Records for this task Start Marker
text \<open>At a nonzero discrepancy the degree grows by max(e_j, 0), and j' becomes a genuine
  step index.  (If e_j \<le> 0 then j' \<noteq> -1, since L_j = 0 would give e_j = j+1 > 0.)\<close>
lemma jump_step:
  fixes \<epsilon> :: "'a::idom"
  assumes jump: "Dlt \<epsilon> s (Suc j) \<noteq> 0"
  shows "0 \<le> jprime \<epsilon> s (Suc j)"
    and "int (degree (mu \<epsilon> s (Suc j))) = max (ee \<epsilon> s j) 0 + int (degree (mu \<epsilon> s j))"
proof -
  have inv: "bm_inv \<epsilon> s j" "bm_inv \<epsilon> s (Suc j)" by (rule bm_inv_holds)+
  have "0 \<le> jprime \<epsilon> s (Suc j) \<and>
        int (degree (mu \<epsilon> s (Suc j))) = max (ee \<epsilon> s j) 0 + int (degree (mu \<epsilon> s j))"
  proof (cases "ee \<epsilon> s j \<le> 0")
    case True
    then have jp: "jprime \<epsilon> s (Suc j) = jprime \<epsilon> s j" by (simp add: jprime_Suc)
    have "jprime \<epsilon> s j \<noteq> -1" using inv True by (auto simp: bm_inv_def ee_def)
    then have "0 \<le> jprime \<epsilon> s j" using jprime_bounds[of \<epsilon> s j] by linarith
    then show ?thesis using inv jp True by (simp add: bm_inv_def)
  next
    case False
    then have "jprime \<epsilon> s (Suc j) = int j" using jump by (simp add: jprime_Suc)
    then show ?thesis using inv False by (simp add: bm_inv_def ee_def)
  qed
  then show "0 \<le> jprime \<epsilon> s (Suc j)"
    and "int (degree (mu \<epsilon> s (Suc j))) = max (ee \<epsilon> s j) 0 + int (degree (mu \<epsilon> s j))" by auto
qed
Records for this task End Marker
Records for this task Start Marker
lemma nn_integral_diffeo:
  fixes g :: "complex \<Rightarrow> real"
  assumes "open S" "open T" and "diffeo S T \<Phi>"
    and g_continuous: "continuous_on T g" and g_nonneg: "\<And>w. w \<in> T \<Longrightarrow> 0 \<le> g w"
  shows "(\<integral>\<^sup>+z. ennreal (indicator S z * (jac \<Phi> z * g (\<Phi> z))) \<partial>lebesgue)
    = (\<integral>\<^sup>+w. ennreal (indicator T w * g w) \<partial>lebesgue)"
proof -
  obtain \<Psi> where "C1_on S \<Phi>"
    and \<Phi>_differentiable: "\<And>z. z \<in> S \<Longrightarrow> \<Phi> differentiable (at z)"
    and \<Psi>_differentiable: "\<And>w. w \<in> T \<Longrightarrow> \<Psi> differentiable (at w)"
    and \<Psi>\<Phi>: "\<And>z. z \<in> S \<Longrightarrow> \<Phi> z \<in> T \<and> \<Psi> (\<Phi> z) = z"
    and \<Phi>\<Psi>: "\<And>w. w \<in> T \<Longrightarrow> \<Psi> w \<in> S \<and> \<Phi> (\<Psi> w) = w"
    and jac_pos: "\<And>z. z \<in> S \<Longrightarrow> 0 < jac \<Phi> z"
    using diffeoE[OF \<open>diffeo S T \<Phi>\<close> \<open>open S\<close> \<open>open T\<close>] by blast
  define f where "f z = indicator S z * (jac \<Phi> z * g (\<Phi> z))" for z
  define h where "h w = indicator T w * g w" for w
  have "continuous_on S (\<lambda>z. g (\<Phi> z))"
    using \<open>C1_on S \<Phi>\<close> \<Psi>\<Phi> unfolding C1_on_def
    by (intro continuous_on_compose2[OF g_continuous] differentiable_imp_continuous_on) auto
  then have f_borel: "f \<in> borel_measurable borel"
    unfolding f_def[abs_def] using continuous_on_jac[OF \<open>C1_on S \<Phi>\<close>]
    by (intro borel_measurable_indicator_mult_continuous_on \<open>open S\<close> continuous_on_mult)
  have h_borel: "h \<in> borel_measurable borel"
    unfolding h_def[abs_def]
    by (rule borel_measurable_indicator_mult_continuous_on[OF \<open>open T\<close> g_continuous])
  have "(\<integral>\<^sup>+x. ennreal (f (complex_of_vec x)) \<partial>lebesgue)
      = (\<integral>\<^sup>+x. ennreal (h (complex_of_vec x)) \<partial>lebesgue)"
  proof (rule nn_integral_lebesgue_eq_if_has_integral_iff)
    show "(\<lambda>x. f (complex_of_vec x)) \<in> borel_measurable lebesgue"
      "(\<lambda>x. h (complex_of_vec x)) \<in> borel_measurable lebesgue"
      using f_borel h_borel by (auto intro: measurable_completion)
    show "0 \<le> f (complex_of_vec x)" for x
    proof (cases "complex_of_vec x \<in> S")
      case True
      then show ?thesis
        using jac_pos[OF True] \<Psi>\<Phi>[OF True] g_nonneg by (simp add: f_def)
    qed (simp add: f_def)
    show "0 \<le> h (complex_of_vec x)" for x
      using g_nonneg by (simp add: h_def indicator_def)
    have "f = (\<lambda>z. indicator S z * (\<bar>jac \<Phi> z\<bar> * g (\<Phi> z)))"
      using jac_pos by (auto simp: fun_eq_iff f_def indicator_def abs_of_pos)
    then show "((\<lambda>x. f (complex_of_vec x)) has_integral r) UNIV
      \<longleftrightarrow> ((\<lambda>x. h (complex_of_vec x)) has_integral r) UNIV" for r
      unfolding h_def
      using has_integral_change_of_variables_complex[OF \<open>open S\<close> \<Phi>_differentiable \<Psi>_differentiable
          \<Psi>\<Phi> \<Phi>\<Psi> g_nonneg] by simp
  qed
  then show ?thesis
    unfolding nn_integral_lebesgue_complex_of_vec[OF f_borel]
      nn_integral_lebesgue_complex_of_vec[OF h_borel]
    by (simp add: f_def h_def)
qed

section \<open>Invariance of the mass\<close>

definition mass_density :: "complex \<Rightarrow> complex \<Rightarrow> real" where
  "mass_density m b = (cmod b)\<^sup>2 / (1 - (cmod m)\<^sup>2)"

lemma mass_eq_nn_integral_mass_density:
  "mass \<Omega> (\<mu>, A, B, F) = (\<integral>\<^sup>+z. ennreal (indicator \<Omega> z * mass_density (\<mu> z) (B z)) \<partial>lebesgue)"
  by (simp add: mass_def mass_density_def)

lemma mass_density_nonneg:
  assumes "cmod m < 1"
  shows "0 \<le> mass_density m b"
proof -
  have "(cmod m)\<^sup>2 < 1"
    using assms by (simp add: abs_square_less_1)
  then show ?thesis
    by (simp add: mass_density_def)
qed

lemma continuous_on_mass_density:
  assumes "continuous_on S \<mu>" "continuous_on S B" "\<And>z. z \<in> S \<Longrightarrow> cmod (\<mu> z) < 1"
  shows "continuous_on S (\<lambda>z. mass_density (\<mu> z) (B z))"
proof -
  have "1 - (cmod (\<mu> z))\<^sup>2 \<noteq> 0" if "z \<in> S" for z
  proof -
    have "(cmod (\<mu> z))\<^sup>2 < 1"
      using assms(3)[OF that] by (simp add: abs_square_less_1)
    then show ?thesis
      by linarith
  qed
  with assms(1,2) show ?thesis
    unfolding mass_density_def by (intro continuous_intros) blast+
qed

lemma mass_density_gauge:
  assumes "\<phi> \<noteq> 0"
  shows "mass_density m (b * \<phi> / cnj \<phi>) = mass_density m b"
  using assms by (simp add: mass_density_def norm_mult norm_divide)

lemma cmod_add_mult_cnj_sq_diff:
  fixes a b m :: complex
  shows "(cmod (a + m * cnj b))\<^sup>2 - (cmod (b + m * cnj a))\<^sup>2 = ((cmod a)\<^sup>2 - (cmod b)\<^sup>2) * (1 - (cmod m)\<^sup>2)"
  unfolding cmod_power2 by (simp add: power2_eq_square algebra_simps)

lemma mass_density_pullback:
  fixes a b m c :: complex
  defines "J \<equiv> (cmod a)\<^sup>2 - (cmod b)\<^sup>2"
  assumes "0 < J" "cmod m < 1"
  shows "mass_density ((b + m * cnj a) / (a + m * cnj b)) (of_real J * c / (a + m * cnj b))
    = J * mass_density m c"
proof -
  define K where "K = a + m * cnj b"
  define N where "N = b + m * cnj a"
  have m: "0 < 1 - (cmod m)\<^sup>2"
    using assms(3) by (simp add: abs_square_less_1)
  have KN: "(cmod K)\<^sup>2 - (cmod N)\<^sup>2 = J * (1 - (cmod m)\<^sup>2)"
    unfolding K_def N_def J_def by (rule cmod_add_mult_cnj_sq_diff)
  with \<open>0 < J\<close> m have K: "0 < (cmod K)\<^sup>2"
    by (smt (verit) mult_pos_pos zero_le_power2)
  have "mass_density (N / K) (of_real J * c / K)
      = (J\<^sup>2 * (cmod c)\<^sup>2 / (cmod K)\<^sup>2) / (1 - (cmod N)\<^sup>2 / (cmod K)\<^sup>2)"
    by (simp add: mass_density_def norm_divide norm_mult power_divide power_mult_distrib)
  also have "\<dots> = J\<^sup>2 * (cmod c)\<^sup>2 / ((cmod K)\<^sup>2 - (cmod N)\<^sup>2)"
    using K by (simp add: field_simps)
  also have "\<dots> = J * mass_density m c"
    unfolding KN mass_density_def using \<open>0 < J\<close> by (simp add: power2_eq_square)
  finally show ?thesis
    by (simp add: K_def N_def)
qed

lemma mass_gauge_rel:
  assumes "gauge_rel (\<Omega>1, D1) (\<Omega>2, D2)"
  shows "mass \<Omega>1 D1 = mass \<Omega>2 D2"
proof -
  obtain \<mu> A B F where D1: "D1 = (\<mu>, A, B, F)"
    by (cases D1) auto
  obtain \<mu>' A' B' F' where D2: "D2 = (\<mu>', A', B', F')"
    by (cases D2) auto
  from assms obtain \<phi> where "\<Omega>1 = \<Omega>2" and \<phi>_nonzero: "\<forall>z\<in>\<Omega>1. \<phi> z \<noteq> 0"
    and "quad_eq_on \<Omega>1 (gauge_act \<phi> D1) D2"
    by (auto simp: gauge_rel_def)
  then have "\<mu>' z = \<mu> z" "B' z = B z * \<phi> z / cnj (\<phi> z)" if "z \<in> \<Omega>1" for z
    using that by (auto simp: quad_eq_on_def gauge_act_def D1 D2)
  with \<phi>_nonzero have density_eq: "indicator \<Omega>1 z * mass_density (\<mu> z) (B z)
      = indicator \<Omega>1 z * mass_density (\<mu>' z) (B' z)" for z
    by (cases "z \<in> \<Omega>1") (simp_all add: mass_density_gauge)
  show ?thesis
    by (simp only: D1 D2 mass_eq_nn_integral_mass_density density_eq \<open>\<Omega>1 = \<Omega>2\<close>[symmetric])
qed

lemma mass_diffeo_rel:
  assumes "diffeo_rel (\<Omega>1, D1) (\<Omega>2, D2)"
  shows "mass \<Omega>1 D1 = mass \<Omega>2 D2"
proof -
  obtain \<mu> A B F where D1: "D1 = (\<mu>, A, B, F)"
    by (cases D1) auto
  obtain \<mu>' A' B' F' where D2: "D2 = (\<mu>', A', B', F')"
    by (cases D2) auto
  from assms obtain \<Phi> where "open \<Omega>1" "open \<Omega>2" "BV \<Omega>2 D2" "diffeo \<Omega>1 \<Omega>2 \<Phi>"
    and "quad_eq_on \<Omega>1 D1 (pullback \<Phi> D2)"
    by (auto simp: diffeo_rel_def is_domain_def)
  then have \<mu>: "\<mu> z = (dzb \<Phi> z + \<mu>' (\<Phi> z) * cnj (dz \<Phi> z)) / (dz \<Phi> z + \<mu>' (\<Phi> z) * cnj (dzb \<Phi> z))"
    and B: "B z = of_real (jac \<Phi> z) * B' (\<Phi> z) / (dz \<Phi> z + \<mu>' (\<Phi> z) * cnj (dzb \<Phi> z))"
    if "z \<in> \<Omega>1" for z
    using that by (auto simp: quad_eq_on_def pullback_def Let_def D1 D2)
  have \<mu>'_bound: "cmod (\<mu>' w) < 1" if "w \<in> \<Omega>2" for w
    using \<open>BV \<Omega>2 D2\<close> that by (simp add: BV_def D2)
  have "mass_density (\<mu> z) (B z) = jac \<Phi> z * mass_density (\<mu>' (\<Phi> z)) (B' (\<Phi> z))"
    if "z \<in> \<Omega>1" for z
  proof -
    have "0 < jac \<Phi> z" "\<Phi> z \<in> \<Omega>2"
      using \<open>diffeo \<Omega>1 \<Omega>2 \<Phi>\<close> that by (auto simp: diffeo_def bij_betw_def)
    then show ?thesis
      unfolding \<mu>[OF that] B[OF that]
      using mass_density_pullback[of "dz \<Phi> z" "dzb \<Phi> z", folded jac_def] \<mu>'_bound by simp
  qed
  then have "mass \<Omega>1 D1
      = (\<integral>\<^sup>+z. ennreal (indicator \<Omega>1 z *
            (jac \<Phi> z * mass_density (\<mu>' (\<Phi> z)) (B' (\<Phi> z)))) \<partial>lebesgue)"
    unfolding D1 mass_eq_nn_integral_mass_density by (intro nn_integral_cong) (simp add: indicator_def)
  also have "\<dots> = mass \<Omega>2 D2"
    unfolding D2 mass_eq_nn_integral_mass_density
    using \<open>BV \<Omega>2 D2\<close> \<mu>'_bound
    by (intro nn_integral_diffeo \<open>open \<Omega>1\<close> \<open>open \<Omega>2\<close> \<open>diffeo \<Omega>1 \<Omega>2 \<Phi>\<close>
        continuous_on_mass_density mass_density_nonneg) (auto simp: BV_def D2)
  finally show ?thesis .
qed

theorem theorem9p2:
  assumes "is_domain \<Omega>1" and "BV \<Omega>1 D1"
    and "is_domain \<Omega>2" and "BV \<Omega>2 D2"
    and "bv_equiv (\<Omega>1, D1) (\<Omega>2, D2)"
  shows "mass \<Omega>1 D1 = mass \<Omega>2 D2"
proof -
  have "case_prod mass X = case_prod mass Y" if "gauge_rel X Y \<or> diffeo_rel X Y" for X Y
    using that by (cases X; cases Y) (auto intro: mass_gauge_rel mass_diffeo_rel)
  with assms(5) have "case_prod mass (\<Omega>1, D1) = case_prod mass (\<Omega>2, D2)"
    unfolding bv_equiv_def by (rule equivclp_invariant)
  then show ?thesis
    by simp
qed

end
Records for this task End Marker
Records for this task Start Marker
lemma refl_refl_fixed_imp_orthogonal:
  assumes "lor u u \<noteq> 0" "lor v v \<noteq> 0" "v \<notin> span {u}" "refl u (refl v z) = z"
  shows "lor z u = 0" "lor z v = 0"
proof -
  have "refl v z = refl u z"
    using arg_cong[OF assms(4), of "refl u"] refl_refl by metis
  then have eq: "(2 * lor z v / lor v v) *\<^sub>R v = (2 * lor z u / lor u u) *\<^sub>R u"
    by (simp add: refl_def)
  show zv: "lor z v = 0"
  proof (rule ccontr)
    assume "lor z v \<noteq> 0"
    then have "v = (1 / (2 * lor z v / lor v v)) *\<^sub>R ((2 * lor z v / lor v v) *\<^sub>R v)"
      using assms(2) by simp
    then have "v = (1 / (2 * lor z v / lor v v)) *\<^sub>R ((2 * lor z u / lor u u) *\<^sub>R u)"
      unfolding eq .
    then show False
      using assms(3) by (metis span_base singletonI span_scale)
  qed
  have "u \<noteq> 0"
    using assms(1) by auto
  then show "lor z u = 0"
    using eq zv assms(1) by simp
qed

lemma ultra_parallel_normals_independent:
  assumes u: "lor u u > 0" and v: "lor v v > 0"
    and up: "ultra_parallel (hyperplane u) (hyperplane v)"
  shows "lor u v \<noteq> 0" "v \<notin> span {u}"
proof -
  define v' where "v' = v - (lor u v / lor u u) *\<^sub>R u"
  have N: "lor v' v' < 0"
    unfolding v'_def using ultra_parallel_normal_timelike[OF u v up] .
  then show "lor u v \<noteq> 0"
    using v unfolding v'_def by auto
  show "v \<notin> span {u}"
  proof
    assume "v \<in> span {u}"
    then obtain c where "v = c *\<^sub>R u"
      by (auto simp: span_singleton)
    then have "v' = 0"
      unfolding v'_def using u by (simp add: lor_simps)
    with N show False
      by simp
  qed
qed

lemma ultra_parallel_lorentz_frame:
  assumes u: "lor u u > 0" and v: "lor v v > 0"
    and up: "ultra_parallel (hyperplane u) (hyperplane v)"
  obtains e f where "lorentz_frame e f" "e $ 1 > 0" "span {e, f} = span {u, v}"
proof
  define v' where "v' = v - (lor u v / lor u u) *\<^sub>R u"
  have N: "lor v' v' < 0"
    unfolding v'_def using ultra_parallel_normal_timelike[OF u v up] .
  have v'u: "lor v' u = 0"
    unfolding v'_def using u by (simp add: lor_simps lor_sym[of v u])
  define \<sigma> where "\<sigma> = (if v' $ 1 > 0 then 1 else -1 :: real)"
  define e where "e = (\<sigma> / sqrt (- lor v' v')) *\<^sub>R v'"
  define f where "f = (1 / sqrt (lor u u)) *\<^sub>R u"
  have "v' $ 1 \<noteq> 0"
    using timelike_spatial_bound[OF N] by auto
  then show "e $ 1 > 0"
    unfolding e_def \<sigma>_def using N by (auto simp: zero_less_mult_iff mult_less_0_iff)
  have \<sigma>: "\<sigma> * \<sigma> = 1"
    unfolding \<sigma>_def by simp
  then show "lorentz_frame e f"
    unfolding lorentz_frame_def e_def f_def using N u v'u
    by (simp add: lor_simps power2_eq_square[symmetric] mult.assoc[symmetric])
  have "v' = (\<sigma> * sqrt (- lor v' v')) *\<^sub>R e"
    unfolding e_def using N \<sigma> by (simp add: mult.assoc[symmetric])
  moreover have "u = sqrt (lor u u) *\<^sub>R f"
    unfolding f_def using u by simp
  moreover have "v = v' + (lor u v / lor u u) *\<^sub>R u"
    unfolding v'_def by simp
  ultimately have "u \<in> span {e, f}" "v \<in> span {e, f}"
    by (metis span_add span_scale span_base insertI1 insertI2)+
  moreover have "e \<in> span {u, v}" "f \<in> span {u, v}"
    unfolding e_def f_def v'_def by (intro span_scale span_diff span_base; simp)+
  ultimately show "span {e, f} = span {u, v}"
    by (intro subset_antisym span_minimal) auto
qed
Records for this task End Marker
### [How to complete this task]
For the listing above, give the number of lines that contain the string "ennreal" and nothing else.

### [Your response]
6